Initiated with a small-scale, one-hour Saturday show entitled "Street Seeds" that allowed a group of children from township school in the station's broadcasting locality (Cape Flats) to broadcast whatever they wished, the CREW project has now grown to include 60 children ranging from 6-18 years old and hailing from different geographical areas within the community. One group of participants works on broadcasting while the other group is trained and prepares for on-air programming the following week.


CREW is split into the following programmes:

  • BushTots (ages 6-9): 10-11:00 am
  • BushKidz (ages 10-12): 11am-noon
  • BushTeens (ages 13-18): noon-2:00pm

The youngest children produce their own show, which involves discussion and book reviews. The latter two programmes play music and air the BUSH Radio jingles and Public Service Announcements (PSAs). One of the BushTeen producers operates the studio console for the BushTots and BushKidz shows. The BushTeen show is produced very informally with a team of about ten milling around the production room and filling the studio, organising discussions on issues of concern, interviewing guests, reviewing films and videos, and featuring local youth culture in the form of music, drama, and arts events. Listeners are invited to call in to the show. BushTeens also have a Friday afternoon Youth Radio Drama Group and are working to create their own radio soap opera with characters they are developing through improvisation. This drama group produced a series of PSAs entitled "Right to Say No".
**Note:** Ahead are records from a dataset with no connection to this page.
lemma msg_law_cw_mult:
  fixes E :: "('v::finite \<times> 'c::finite) set" and x :: "'v \<Rightarrow> int"
  assumes "dec_state E phi0 F D t (cw_mult x z) =
           map_pmf (\<lambda>(c, m). (\<lambda>k. x k * c k, msg_mult x m)) (dec_state E phi0 F D t z)"
  shows "msg_law E phi0 F D t e (cw_mult x z) = map_pmf ((*) (x (fst e))) (msg_law E phi0 F D t e z)"
  unfolding msg_law_def assms by (simp add: map_pmf_comp case_prod_beta msg_mult_def)

lemma msg_error_prob_eq_all_ones:
  fixes E :: "('v::finite \<times> 'c::finite) set" and x :: "'v \<Rightarrow> int"
  assumes x: "\<And>k. x k \<in> {-1, 1}"
    and chan_range: "\<And>i y. set_pmf (phi0 i y) \<subseteq> {-Q..Q}"
    and chan_sym: "\<And>i m z. pmf (phi0 i (cw_mult x z)) m = pmf (phi0 i z) (x i * m)"
    and F_sym: "\<And>i j \<mu> c. \<lbrakk>(i, j) \<in> E; \<forall>e'. e' \<notin> E \<longrightarrow> \<mu> e' = 0;
           \<forall>e'\<in>E. \<bar>\<mu> e'\<bar> \<le> Q; \<bar>c\<bar> \<le> Q\<rbrakk>
           \<Longrightarrow> F (i, j) \<mu> c = x i * F (i, j) (msg_mult x \<mu>) (x i * c)"
    and D_range: "\<And>t e \<nu> y. set_pmf (D t e \<nu> y) \<subseteq> {-Q..Q}"
    and D_weak_sym: "\<And>t i j \<mu> \<nu> z. (i, j) \<in> E \<Longrightarrow>
           pmf (D t (i, j) \<nu> (cw_mult x z)) \<mu> = pmf (D t (i, j) (x i * \<nu>) z) (x i * \<mu>)"
  shows "msg_error_prob N E phi0 F D t e x = msg_error_prob N E phi0 F D t e (\<lambda>_. 1)"
  unfolding msg_error_prob_def
proof (intro Bochner_Integration.integral_cong refl)
  fix z
  let ?P = "measure_pmf.prob (msg_law E phi0 F D t e z)"
  have law: "msg_law E phi0 F D t e (cw_mult x z) = map_pmf ((*) (x (fst e))) (msg_law E phi0 F D t e z)"
    by (rule msg_law_cw_mult, rule dec_state_cw_mult[where Q = Q])
       (fact x chan_range chan_sym F_sym D_range D_weak_sym)+
  have "x (fst e) * (x (fst e) * m) < 0 \<longleftrightarrow> m < 0" for m
    by (simp only: sign_mult_cancel[OF x])
  moreover have "x (fst e) * m = 0 \<longleftrightarrow> m = 0" for m
    using x[of "fst e"] by auto
  ultimately have "measure_pmf.prob (msg_law E phi0 F D t e (cw_mult x z)) {m. x (fst e) * m < 0}
        = ?P {m. m < 0}"
    and "measure_pmf.prob (msg_law E phi0 F D t e (cw_mult x z)) {0} = ?P {0}"
    unfolding law measure_map_pmf by (simp_all add: vimage_def)
  moreover have "cw_mult (\<lambda>_. 1) z = z"
    by (simp add: cw_mult_def)
  ultimately show "measure_pmf.prob (msg_law E phi0 F D t e (cw_mult x z)) {m. x (fst e) * m < 0}
        + 1 / 2 * measure_pmf.prob (msg_law E phi0 F D t e (cw_mult x z)) {0}
      = measure_pmf.prob (msg_law E phi0 F D t e (cw_mult (\<lambda>_. 1) z)) {m. 1 * m < 0}
        + 1 / 2 * measure_pmf.prob (msg_law E phi0 F D t e (cw_mult (\<lambda>_. 1) z)) {0}"
    by simp
qed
CREW members must demostrate continuted devotion to their academic work to remain in the programme. They are asked to bring in school reports once or twice a year to ensure that they are not allowing their radio commitments to interfere with their studies.
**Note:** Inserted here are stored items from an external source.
lemma (in cring) chinese_remainder_elements:
  assumes "finite \<M>" "\<forall>m\<in>\<M>. maximalideal m R" "f \<in> \<M> \<rightarrow> carrier R"
  shows "\<exists>r\<in>carrier R. \<forall>m\<in>\<M>. r \<ominus> f m \<in> m"
  using assms
proof (induction \<M> rule: finite_induct)
  case empty
  then show ?case by blast
next
  case (insert M \<M>)
  then obtain r where r: "r \<in> carrier R" "\<forall>m\<in>\<M>. r \<ominus> f m \<in> m" by auto
  obtain e where e: "e \<in> carrier R" "\<one> \<ominus> e \<in> M" "\<forall>m\<in>\<M>. e \<in> m"
    using exists_separating_element[OF insert.hyps(1)] insert.hyps(2) insert.prems(1)
    by blast
  have fM: "f M \<in> carrier R" using insert.prems(2) by blast
  define r' where "r' = r \<oplus> e \<otimes> (f M \<ominus> r)"
  have r'c: "r' \<in> carrier R" using r(1) e(1) fM unfolding r'_def by simp
  have "r' \<ominus> f m \<in> m" if "m \<in> \<M>" for m
  proof -
    have m: "ideal m R" "f m \<in> carrier R" using that insert.prems maximalideal.axioms(1) by auto
    have "r' \<ominus> f m = (r \<ominus> f m) \<oplus> e \<otimes> (f M \<ominus> r)"
      using m(2) r(1) e(1) fM unfolding r'_def by algebra
    moreover have "e \<otimes> (f M \<ominus> r) \<in> m"
      using ideal.I_r_closed[OF m(1)] e(3) that fM r(1) by simp
    ultimately show ?thesis
      using additive_subgroup.a_closed[OF ideal.axioms(1)[OF m(1)]] r(2) that by simp
  qed
  moreover have "r' \<ominus> f M \<in> M"
  proof -
    have M: "ideal M R" using insert.prems maximalideal.axioms(1) by auto
    have "r' \<ominus> f M = \<ominus> ((\<one> \<ominus> e) \<otimes> (f M \<ominus> r))"
      using r(1) e(1) fM unfolding r'_def by algebra
    moreover have "(\<one> \<ominus> e) \<otimes> (f M \<ominus> r) \<in> M"
      using ideal.I_r_closed[OF M e(2)] fM r(1) by simp
    ultimately show ?thesis
      using additive_subgroup.a_inv_closed[OF ideal.axioms(1)[OF M]] by simp
  qed
  ultimately show ?case using r'c by blast
qed

lemma additive_subgroup_add_cancel:
  assumes "additive_subgroup H G" "abelian_group G" "x \<in> carrier G" "y \<in> H"
  shows "x \<oplus>\<^bsub>G\<^esub> y \<in> H \<longleftrightarrow> x \<in> H"
proof -
  interpret H: additive_subgroup H G by fact
  interpret G: abelian_group G by fact
  have yc: "y \<in> carrier G" using assms(4) H.a_subset by blast
  have "(x \<oplus>\<^bsub>G\<^esub> y) \<oplus>\<^bsub>G\<^esub> \<ominus>\<^bsub>G\<^esub> y = x"
    using assms(3) yc by (simp add: G.a_assoc G.r_neg)
  then show ?thesis
    using H.a_closed H.a_inv_closed assms(4) by metis
qed

lemma (in ring) exists_avoiding_residue:
  assumes "ideal M R" "infinite (carrier (R Quot M))" "finite A" "A \<subseteq> carrier R"
  shows "\<exists>c\<in>carrier R. \<forall>a\<in>A. c \<ominus> a \<notin> M"
proof -
  interpret M: ideal M R by fact
  have "carrier (R Quot M) = (+>) M ` carrier R"
    by (auto simp: FactRing_def A_RCOSETS_def')
  with assms(2) have "infinite ((+>) M ` carrier R)" by simp
  moreover have "finite ((+>) M ` A)" using assms(3) by simp
  ultimately have "\<not> (+>) M ` carrier R \<subseteq> (+>) M ` A"
    using finite_subset by blast
  then obtain c where c: "c \<in> carrier R" "M +> c \<notin> (+>) M ` A" by blast
  have "c \<ominus> a \<notin> M" if "a \<in> A" for a
  proof
    assume "c \<ominus> a \<in> M"
    then have "c \<in> M +> a"
      using M.a_rcos_module_minus[OF ring_axioms] that assms(4) c(1) by blast
    then have "M +> a = M +> c" using M.a_repr_independence' that assms(4) by blast
    then show False using c(2) that by auto
  qed
  with c(1) show ?thesis by blast
qed

definition coset_avoidance :: "('a, 'c) ring_scheme \<Rightarrow> bool" where
  "coset_avoidance R \<longleftrightarrow>
     (\<forall>P. finite P \<and> (\<forall>(a, J)\<in>P. a \<in> carrier R \<and> ideal J R \<and> \<one>\<^bsub>R\<^esub> \<notin> J)
        \<longrightarrow> (\<exists>r\<in>carrier R. \<forall>(a, J)\<in>P. r \<ominus>\<^bsub>R\<^esub> a \<notin> J))"

lemma (in cring) exists_avoiding_maximal_cosets:
  assumes infinite: "\<And>M. maximalideal M R \<Longrightarrow> infinite (carrier (R Quot M))"
    and P: "finite P" "\<forall>(a, m)\<in>P. a \<in> carrier R \<and> maximalideal m R"
  shows "\<exists>r\<in>carrier R. \<forall>(a, m)\<in>P. r \<ominus> a \<notin> m"
proof -
  define \<M> where "\<M> = snd ` P"
  define A where "A m = {a. (a, m) \<in> P}" for m
  have max: "\<forall>m\<in>\<M>. maximalideal m R" using P(2) unfolding \<M>_def by auto
  have "\<forall>m\<in>\<M>. \<exists>c. c \<in> carrier R \<and> (\<forall>a\<in>A m. c \<ominus> a \<notin> m)"
  proof
    fix m assume "m \<in> \<M>"
    have "\<exists>c\<in>carrier R. \<forall>a\<in>A m. c \<ominus> a \<notin> m"
    proof (rule exists_avoiding_residue)
      show "ideal m R" using maximalideal.axioms(1) max \<open>m \<in> \<M>\<close> by blast
      show "infinite (carrier (R Quot m))" using infinite max \<open>m \<in> \<M>\<close> by blast
      have "A m \<subseteq> fst ` P" unfolding A_def by force
      then show "finite (A m)" using P(1) finite_subset by blast
      show "A m \<subseteq> carrier R" using P(2) unfolding A_def by blast
    qed
    then show "\<exists>c. c \<in> carrier R \<and> (\<forall>a\<in>A m. c \<ominus> a \<notin> m)" by blast
  qed
  from bchoice[OF this] obtain c
    where c: "\<forall>m\<in>\<M>. c m \<in> carrier R \<and> (\<forall>a\<in>A m. c m \<ominus> a \<notin> m)" by blast
  have "finite \<M>" using P(1) unfolding \<M>_def by blast
  then obtain r where r: "r \<in> carrier R" "\<forall>m\<in>\<M>. r \<ominus> c m \<in> m"
    using chinese_remainder_elements[OF _ max] c by blast
  have "\<forall>(a, m)\<in>P. r \<ominus> a \<notin> m"
  proof clarify
    fix a m assume am: "(a, m) \<in> P" "r \<ominus> a \<in> m"
    have m: "m \<in> \<M>" "a \<in> A m" using am(1) unfolding \<M>_def A_def by force+
    have carr: "a \<in> carrier R" "c m \<in> carrier R" using am(1) P(2) c m(1) by auto
    have mi: "ideal m R" using maximalideal.axioms(1)[OF bspec[OF max m(1)]] .
    have "r \<ominus> a = (c m \<ominus> a) \<oplus> (r \<ominus> c m)"
      using carr r(1) by algebra
    with am(2) have "(c m \<ominus> a) \<oplus> (r \<ominus> c m) \<in> m" by simp
    moreover have "r \<ominus> c m \<in> m" using r(2) m(1) by blast
    moreover have "c m \<ominus> a \<in> carrier R" using carr by simp
    ultimately have "c m \<ominus> a \<in> m"
      using additive_subgroup_add_cancel[OF ideal.axioms(1)[OF mi] is_abelian_group] by blast
    then show False using c m by blast
  qed
  with r(1) show ?thesis ..
qed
A two-day Radio Kidocracy Conference was conducted in December, 2001 in an effort to enable young people to use the medium of radio to make the programmes that they would most like to hear. Approximately 60 young participants (ages 6-18) from South Africa and Africa, as well as one participant from the UK, were trained in radio drama, story telling, interviewing, music and talk presentation, as well as news reading. The ultimate aim of the Radio Kidocracy Konfrence was the drafting of a Children's Radio Manifesto, which organisers hope will be ratified at the Radio Kidocracy Konfrence 2002.

Development Issues

Children, Youth.

Sources

Bush Radio Website and letters from Sarah McNeill (Feb, 2002) and Nashira Abrahams (Jul, 2002) to The Communication Initiative; and BUSH Radio site.